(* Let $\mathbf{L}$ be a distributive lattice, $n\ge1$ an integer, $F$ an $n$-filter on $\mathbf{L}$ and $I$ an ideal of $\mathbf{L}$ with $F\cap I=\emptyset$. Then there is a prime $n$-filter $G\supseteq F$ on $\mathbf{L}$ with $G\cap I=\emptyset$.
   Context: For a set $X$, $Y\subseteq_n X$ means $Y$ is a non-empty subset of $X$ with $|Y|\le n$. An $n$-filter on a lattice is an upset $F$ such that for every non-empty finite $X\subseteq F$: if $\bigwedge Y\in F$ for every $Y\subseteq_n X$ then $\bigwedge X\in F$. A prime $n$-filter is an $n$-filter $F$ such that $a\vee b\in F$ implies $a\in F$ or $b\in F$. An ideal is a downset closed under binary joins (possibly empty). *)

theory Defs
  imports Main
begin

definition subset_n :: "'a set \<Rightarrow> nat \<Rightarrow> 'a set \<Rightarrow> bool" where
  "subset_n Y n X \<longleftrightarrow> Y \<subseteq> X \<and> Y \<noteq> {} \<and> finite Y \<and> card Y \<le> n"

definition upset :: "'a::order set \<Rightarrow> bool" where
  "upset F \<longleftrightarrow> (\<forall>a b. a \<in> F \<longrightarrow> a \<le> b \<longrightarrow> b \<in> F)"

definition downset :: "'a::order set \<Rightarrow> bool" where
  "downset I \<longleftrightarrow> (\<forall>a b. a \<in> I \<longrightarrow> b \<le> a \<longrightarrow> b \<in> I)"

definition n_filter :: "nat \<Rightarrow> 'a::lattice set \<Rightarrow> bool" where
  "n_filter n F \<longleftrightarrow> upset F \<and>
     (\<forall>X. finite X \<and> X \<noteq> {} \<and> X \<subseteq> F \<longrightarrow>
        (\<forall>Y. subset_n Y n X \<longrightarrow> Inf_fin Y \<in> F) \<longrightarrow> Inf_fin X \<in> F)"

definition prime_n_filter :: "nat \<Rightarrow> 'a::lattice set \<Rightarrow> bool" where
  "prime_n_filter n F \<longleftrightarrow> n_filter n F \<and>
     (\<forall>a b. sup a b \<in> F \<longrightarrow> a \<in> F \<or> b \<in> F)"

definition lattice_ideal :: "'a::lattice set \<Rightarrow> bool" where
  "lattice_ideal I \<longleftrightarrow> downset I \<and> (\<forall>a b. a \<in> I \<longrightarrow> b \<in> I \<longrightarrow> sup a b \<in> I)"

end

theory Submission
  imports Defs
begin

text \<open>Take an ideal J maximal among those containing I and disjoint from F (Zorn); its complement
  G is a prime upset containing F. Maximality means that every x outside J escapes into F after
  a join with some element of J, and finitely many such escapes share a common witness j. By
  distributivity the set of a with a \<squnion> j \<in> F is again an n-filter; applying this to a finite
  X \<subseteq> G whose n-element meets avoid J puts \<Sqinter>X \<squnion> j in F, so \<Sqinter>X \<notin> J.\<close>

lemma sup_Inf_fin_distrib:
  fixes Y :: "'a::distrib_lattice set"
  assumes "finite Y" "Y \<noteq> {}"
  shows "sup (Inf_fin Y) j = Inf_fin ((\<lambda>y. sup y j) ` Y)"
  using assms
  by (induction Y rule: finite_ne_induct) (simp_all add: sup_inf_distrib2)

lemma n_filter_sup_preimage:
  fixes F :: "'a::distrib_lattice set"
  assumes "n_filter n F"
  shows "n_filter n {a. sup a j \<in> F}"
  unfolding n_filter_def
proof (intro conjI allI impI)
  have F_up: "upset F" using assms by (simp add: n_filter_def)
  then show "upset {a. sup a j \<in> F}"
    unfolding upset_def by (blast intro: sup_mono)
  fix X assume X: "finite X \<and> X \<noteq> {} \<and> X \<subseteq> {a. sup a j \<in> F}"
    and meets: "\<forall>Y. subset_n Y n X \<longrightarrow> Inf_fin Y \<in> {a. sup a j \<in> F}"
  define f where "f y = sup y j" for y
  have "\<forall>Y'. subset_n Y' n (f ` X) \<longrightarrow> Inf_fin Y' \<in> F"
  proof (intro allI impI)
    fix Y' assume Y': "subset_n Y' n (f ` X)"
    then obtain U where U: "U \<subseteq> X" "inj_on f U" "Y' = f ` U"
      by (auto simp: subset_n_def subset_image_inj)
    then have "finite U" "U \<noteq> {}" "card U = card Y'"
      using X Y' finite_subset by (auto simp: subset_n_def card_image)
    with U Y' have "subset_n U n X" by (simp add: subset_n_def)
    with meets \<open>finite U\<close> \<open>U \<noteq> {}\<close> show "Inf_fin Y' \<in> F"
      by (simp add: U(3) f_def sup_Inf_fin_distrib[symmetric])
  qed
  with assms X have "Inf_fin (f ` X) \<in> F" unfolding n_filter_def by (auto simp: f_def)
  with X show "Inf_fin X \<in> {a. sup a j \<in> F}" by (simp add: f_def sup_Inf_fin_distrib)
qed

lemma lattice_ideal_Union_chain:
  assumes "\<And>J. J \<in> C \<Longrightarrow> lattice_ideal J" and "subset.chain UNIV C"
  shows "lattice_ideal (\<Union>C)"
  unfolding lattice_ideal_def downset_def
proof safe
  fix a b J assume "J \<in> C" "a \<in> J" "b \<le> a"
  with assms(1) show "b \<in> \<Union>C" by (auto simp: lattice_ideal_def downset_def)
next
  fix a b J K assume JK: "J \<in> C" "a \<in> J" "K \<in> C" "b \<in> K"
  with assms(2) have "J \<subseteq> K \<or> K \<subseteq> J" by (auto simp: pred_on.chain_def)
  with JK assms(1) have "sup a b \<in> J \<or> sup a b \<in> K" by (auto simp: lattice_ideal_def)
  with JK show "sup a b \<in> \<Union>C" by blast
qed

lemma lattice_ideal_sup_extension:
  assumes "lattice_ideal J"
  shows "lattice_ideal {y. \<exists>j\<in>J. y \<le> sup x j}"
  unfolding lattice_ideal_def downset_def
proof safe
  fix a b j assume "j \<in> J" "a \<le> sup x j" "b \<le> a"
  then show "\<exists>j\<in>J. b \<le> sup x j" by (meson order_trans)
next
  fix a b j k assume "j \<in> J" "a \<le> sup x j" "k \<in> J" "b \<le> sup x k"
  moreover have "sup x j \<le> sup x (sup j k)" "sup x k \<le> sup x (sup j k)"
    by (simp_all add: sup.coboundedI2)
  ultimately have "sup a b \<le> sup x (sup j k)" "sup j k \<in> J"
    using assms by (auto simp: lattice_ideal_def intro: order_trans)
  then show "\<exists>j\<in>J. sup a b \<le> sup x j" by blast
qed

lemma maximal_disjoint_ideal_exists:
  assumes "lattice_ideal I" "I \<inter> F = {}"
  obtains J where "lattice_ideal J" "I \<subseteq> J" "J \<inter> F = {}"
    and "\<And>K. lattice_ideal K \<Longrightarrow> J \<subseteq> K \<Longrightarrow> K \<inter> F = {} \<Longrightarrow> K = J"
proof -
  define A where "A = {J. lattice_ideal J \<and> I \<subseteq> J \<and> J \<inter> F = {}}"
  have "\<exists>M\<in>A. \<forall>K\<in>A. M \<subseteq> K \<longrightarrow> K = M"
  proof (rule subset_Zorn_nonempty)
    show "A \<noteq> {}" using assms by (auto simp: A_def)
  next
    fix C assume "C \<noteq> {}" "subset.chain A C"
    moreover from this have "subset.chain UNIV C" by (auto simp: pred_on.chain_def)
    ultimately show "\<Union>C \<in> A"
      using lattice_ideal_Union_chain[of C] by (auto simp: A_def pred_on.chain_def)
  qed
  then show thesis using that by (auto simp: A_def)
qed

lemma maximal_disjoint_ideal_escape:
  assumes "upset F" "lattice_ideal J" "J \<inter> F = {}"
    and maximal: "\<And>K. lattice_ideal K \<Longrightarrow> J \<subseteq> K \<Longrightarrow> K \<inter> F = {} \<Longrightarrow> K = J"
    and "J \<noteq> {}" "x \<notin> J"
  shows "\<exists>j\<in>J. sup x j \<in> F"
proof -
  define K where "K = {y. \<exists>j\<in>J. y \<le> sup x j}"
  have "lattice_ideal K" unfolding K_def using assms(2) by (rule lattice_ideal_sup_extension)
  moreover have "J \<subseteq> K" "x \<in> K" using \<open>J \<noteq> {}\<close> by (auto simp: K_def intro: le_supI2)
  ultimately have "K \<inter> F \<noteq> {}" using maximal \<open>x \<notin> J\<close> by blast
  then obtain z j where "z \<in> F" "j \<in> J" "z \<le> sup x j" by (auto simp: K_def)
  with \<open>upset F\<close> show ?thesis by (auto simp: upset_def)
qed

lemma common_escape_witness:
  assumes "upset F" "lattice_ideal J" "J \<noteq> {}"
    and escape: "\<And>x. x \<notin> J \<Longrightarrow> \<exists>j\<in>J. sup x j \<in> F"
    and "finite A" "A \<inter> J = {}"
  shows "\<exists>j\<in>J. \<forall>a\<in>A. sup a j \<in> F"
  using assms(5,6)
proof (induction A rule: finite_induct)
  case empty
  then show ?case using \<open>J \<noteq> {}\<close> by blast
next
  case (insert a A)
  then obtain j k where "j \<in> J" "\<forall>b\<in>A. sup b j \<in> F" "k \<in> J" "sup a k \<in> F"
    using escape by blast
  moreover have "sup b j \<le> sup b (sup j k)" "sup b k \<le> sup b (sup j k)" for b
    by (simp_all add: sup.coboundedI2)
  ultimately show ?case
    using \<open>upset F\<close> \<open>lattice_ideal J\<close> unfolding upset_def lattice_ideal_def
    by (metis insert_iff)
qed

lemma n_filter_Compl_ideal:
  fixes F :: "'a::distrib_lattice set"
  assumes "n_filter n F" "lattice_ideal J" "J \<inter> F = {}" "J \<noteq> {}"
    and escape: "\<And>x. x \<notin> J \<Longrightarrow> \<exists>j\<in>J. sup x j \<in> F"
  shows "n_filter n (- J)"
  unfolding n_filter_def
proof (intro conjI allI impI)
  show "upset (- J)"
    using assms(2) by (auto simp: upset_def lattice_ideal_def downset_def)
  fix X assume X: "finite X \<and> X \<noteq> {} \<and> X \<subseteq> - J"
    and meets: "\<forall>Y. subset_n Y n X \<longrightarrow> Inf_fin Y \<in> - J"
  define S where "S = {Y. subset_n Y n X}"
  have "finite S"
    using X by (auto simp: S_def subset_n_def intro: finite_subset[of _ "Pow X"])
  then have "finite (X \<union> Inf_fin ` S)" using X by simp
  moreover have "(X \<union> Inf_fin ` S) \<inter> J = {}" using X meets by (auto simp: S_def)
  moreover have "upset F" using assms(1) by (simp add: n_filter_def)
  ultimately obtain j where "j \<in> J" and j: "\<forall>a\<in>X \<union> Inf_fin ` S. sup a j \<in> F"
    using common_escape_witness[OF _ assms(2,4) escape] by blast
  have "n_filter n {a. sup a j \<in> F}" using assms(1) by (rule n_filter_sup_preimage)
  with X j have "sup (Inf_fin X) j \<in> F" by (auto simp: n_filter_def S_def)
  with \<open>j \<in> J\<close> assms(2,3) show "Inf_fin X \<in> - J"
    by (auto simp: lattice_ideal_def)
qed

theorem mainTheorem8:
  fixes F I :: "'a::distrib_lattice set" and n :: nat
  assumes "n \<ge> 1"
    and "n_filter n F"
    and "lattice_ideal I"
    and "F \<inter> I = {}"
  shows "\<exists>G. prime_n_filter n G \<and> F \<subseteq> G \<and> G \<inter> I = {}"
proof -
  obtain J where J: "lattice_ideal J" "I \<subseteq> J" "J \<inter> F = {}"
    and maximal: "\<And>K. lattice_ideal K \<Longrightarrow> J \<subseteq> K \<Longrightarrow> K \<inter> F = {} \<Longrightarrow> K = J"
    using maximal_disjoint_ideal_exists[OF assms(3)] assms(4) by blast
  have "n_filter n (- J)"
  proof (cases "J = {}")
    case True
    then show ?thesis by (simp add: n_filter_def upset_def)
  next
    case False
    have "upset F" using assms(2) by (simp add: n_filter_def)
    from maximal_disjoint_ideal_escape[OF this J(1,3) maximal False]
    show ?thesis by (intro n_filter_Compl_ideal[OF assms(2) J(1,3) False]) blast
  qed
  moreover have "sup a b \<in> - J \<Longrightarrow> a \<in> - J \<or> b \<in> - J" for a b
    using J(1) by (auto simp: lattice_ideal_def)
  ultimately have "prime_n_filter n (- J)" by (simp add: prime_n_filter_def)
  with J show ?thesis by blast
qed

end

* * *

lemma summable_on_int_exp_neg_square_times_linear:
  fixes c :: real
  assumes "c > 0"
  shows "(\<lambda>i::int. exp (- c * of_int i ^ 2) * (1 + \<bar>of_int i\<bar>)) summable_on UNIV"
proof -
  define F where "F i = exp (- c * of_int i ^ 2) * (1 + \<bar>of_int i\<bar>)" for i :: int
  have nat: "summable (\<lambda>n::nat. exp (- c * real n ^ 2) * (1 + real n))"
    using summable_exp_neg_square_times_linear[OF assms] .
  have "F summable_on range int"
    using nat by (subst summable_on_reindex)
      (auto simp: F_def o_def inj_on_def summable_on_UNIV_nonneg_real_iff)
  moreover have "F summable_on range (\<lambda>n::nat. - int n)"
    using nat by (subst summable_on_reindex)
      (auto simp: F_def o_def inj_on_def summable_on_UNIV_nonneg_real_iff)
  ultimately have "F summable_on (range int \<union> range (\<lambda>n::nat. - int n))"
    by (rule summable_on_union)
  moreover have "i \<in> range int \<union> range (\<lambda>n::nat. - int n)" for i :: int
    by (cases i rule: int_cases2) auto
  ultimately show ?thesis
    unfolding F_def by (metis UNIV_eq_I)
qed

...

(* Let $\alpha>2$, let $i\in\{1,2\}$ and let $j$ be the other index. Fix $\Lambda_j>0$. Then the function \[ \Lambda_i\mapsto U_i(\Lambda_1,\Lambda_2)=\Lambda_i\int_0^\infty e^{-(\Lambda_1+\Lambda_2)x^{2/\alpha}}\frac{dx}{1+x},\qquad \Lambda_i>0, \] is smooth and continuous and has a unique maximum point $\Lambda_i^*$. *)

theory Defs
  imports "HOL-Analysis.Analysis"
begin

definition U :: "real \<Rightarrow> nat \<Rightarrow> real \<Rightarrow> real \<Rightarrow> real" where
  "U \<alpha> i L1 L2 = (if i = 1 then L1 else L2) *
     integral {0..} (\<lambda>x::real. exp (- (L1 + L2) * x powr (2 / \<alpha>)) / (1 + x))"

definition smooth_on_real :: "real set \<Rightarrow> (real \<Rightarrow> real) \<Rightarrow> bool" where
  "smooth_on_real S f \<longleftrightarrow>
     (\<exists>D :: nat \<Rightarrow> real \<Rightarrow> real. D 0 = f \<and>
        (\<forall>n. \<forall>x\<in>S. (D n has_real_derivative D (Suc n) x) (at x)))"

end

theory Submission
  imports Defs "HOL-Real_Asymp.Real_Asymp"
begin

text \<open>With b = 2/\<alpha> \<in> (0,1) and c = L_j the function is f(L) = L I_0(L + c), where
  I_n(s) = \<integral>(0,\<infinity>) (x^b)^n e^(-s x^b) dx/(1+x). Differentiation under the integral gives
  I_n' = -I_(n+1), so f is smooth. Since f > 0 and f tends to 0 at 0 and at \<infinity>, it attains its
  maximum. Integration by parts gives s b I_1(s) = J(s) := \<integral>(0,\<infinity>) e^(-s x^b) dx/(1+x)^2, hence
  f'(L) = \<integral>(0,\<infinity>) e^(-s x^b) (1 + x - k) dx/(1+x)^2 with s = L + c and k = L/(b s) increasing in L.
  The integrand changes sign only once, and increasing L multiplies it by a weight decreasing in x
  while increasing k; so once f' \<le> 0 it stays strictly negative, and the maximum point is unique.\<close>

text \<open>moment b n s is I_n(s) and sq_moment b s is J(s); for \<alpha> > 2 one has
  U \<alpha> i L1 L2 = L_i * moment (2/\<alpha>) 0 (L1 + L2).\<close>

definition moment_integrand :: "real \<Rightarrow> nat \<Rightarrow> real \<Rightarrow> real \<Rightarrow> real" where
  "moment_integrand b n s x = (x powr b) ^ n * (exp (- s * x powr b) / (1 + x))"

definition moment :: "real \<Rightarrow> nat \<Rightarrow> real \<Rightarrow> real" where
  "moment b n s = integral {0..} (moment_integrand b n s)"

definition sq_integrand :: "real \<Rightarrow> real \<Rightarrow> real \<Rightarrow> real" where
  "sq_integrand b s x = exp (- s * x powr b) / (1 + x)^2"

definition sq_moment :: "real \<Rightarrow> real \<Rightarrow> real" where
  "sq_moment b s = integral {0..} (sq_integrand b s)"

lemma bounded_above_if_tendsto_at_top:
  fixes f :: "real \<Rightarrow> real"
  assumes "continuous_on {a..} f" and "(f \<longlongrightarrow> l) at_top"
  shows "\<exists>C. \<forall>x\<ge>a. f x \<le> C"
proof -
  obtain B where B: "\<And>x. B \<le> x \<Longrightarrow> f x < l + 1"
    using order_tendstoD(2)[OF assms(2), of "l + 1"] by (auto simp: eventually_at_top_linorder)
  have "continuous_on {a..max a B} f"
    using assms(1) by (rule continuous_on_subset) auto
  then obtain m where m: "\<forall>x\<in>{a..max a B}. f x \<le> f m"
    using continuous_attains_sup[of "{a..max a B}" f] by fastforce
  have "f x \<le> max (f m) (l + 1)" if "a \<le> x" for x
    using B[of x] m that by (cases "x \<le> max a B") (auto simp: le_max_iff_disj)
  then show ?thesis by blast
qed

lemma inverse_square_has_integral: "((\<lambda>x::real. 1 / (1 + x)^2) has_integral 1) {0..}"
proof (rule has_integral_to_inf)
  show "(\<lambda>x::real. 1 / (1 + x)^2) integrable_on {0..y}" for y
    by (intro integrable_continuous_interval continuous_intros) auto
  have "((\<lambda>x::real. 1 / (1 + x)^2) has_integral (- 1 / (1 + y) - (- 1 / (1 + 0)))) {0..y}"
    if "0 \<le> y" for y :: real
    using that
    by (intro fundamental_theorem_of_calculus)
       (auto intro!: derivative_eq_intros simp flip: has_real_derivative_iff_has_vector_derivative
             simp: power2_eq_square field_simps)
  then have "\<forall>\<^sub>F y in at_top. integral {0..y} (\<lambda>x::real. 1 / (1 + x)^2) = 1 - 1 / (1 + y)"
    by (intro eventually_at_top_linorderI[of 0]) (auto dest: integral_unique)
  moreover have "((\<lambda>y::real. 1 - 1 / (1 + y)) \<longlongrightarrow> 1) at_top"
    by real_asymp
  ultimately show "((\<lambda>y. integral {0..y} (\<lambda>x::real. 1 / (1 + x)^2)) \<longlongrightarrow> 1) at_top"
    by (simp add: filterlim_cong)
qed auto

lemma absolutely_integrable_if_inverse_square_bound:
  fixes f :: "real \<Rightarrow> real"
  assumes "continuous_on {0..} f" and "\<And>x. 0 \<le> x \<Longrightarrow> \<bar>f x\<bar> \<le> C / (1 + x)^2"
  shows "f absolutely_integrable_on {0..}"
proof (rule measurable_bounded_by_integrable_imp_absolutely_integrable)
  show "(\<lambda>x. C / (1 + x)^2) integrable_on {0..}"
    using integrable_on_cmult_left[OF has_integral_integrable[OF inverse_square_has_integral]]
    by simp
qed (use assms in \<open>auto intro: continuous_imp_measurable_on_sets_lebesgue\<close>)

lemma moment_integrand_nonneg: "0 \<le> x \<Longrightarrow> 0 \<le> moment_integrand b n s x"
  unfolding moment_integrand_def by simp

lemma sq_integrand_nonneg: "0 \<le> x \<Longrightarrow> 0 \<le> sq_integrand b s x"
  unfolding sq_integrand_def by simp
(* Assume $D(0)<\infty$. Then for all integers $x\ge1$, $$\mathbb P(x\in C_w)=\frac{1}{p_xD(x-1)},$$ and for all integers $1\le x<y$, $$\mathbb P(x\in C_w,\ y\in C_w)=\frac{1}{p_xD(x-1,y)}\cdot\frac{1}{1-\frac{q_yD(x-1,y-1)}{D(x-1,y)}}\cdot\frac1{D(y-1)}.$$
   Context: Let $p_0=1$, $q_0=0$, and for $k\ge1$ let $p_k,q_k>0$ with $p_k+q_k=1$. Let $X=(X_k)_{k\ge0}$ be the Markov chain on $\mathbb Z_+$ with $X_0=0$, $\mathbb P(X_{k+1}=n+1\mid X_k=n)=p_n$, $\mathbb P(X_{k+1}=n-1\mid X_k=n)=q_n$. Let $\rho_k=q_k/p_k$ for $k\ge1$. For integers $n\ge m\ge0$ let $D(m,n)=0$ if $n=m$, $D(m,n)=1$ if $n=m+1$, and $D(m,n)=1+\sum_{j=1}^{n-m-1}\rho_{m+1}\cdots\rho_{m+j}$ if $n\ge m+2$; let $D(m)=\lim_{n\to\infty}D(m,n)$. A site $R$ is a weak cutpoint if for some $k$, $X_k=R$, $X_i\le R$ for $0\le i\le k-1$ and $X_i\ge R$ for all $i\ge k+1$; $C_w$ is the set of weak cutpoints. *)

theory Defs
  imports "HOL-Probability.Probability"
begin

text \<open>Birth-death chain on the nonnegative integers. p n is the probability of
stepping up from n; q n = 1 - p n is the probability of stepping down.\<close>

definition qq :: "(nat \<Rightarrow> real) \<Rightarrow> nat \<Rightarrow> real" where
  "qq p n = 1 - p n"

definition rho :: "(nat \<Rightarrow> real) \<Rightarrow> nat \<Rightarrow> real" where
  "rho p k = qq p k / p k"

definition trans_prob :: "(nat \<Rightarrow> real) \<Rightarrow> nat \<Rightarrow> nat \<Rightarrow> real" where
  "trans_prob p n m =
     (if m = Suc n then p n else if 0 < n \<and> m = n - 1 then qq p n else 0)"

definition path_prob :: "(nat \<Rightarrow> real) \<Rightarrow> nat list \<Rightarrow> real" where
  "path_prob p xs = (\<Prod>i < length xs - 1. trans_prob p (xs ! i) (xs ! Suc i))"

◆ Instructions for the task: Reproduce, character for character, only the lines of the preceding data that start at the line with "with $G\cap I=\emptyset$." and end at the line with "set \<Rightarrow> nat", both included.

◆ Response to the task:
(* Let $\mathbf{L}$ be a distributive lattice, $n\ge1$ an integer, $F$ an $n$-filter on $\mathbf{L}$ and $I$ an ideal of $\mathbf{L}$ with $F\cap I=\emptyset$. Then there is a prime $n$-filter $G\supseteq F$ on $\mathbf{L}$ with $G\cap I=\emptyset$.
   Context: For a set $X$, $Y\subseteq_n X$ means $Y$ is a non-empty subset of $X$ with $|Y|\le n$. An $n$-filter on a lattice is an upset $F$ such that for every non-empty finite $X\subseteq F$: if $\bigwedge Y\in F$ for every $Y\subseteq_n X$ then $\bigwedge X\in F$. A prime $n$-filter is an $n$-filter $F$ such that $a\vee b\in F$ implies $a\in F$ or $b\in F$. An ideal is a downset closed under binary joins (possibly empty). *)

theory Defs
  imports Main
begin

definition subset_n :: "'a set \<Rightarrow> nat \<Rightarrow> 'a set \<Rightarrow> bool" where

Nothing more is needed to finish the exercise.